Stored items from a collection:
□ □ □

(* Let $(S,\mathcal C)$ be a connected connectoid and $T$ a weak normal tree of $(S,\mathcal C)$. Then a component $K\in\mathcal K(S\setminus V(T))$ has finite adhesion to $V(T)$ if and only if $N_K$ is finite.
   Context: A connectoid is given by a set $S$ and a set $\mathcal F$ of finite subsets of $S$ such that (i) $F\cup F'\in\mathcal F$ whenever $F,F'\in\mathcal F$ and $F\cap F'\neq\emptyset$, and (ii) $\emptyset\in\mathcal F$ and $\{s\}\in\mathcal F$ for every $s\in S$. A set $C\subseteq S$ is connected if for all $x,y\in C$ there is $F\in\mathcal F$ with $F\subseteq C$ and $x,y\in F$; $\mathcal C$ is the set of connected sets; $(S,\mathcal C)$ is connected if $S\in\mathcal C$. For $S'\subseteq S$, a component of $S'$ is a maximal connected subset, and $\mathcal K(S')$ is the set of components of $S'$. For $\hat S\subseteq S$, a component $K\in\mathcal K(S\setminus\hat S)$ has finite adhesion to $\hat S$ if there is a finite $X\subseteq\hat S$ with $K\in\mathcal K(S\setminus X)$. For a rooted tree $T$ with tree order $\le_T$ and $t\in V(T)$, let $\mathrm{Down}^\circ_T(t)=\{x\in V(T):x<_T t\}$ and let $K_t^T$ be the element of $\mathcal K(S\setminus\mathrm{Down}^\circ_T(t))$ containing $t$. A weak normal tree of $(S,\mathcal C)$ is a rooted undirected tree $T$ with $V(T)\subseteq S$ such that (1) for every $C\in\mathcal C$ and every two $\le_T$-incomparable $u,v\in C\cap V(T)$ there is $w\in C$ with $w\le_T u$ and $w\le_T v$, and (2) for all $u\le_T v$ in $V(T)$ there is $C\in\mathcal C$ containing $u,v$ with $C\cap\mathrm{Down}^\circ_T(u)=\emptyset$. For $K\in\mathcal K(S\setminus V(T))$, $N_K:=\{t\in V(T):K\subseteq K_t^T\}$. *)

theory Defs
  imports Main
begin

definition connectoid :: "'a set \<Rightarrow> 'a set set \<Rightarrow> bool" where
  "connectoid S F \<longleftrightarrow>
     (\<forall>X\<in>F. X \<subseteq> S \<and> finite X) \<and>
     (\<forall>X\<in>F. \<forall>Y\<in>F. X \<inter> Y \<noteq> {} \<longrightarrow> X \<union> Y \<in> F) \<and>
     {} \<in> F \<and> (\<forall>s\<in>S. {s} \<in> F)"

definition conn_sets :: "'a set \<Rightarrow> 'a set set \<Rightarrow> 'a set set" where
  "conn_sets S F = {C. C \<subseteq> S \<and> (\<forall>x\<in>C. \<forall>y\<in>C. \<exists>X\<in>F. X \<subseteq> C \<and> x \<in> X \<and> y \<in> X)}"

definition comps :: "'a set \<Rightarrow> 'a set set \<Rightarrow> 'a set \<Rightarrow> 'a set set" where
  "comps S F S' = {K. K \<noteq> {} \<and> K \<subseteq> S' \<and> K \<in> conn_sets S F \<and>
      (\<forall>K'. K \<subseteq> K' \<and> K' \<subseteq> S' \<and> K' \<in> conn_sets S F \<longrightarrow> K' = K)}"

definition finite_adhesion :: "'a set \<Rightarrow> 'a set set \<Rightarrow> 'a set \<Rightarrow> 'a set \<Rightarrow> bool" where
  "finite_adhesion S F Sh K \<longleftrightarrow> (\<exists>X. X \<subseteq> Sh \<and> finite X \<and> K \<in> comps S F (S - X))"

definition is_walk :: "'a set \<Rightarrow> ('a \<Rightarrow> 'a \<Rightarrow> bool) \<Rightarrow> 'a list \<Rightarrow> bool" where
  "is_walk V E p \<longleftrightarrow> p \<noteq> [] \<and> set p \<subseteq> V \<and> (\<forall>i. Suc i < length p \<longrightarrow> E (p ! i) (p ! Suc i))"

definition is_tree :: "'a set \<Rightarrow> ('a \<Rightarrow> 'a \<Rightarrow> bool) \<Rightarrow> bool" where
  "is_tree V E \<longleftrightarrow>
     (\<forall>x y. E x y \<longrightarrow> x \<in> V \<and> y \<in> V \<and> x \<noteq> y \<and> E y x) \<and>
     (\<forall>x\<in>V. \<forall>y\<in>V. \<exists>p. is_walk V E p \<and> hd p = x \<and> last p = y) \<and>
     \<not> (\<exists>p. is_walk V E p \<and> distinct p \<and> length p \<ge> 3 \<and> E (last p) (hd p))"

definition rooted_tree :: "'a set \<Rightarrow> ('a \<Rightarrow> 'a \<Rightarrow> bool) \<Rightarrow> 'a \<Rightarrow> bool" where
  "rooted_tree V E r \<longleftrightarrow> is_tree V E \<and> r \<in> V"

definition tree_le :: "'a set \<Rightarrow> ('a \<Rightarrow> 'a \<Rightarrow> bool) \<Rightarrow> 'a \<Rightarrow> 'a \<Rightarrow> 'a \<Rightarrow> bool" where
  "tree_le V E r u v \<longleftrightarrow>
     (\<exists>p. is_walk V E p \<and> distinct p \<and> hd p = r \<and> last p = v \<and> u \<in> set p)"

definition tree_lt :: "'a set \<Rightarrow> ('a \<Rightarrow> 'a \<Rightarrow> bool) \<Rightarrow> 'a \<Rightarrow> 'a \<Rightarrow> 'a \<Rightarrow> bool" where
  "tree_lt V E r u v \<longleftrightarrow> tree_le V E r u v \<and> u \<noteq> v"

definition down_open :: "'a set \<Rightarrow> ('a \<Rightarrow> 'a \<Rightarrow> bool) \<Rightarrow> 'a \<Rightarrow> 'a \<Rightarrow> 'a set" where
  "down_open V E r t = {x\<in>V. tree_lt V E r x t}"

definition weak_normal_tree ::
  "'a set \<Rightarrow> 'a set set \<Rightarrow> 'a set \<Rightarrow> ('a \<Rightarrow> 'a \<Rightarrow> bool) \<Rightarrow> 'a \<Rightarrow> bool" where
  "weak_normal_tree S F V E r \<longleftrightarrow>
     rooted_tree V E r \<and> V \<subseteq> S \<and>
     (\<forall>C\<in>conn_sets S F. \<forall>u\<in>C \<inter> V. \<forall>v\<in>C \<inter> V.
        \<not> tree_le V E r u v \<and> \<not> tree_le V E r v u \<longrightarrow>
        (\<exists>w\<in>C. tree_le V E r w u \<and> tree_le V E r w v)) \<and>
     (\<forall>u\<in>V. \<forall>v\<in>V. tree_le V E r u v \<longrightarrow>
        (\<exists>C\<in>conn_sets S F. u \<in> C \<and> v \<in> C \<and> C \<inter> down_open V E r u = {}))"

□ □ □

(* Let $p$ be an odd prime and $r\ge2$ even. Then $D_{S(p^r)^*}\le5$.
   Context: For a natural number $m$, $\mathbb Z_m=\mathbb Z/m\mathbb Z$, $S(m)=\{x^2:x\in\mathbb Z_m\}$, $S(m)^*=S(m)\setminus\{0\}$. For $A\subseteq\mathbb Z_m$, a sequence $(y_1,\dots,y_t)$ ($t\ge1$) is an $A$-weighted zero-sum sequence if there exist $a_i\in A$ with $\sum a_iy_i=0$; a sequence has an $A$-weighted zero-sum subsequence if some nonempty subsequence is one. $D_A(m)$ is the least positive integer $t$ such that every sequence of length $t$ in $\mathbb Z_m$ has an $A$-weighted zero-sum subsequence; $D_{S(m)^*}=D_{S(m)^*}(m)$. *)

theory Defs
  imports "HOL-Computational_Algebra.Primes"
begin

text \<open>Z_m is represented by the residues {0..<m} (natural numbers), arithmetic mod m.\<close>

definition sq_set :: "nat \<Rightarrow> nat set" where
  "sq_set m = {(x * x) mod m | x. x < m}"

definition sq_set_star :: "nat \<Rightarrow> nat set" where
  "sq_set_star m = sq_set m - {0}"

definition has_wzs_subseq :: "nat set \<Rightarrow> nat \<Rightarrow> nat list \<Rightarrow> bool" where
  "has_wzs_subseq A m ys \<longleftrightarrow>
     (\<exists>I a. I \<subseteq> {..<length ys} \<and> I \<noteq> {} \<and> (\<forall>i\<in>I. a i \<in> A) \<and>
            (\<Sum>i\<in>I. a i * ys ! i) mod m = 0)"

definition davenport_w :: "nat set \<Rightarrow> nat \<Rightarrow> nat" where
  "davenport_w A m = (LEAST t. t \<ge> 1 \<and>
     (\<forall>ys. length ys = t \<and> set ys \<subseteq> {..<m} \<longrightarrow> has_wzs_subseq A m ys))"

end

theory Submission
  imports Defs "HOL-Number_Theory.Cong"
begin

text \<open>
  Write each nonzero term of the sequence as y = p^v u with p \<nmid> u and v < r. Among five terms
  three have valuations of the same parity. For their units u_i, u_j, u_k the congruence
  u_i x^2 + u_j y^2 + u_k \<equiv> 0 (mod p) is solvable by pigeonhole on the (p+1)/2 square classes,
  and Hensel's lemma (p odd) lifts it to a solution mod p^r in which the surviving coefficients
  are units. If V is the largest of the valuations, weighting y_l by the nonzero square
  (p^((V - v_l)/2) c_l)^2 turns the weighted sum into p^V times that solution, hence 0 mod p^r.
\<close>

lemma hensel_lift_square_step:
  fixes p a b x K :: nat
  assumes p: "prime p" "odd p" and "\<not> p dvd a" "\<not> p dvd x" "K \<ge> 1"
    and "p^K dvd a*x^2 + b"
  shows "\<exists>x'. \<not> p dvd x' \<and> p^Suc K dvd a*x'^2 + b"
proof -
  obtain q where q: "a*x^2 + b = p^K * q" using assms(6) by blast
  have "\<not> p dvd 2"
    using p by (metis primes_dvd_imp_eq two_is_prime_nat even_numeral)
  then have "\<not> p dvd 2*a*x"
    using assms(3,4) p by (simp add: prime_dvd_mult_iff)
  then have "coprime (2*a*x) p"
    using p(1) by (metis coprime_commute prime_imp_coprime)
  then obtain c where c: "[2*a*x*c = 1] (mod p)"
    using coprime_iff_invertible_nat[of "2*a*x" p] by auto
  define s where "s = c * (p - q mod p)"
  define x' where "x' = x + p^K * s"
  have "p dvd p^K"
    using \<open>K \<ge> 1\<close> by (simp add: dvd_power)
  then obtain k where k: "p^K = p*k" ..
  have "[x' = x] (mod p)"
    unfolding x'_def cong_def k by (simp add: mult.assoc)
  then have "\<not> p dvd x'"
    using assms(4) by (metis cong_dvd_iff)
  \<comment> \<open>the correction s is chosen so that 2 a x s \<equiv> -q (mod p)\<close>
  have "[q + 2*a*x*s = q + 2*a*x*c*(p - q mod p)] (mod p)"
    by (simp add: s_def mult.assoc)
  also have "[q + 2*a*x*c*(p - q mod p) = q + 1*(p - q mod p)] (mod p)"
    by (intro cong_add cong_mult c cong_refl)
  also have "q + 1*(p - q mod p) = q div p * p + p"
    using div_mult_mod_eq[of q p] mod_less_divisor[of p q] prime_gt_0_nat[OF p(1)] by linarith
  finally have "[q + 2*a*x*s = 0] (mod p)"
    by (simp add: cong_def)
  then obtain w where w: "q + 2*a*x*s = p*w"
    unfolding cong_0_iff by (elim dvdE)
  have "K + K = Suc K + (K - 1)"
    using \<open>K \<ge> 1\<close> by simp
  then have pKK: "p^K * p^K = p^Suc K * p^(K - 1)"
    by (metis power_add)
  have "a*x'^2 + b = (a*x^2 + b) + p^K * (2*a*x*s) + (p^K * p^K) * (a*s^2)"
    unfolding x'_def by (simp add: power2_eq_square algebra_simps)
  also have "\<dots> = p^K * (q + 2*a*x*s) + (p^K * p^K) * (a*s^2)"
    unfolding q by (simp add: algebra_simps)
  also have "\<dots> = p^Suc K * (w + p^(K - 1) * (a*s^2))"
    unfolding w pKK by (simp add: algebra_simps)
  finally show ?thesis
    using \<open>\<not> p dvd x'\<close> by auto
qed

□ □ □

Your task - Where a line above contains the string "equiv", copy that line.

Output below -
  u_i x^2 + u_j y^2 + u_k \<equiv> 0 (mod p) is solvable by pigeonhole on the (p+1)/2 square classes,
  \<comment> \<open>the correction s is chosen so that 2 a x s \<equiv> -q (mod p)\<close>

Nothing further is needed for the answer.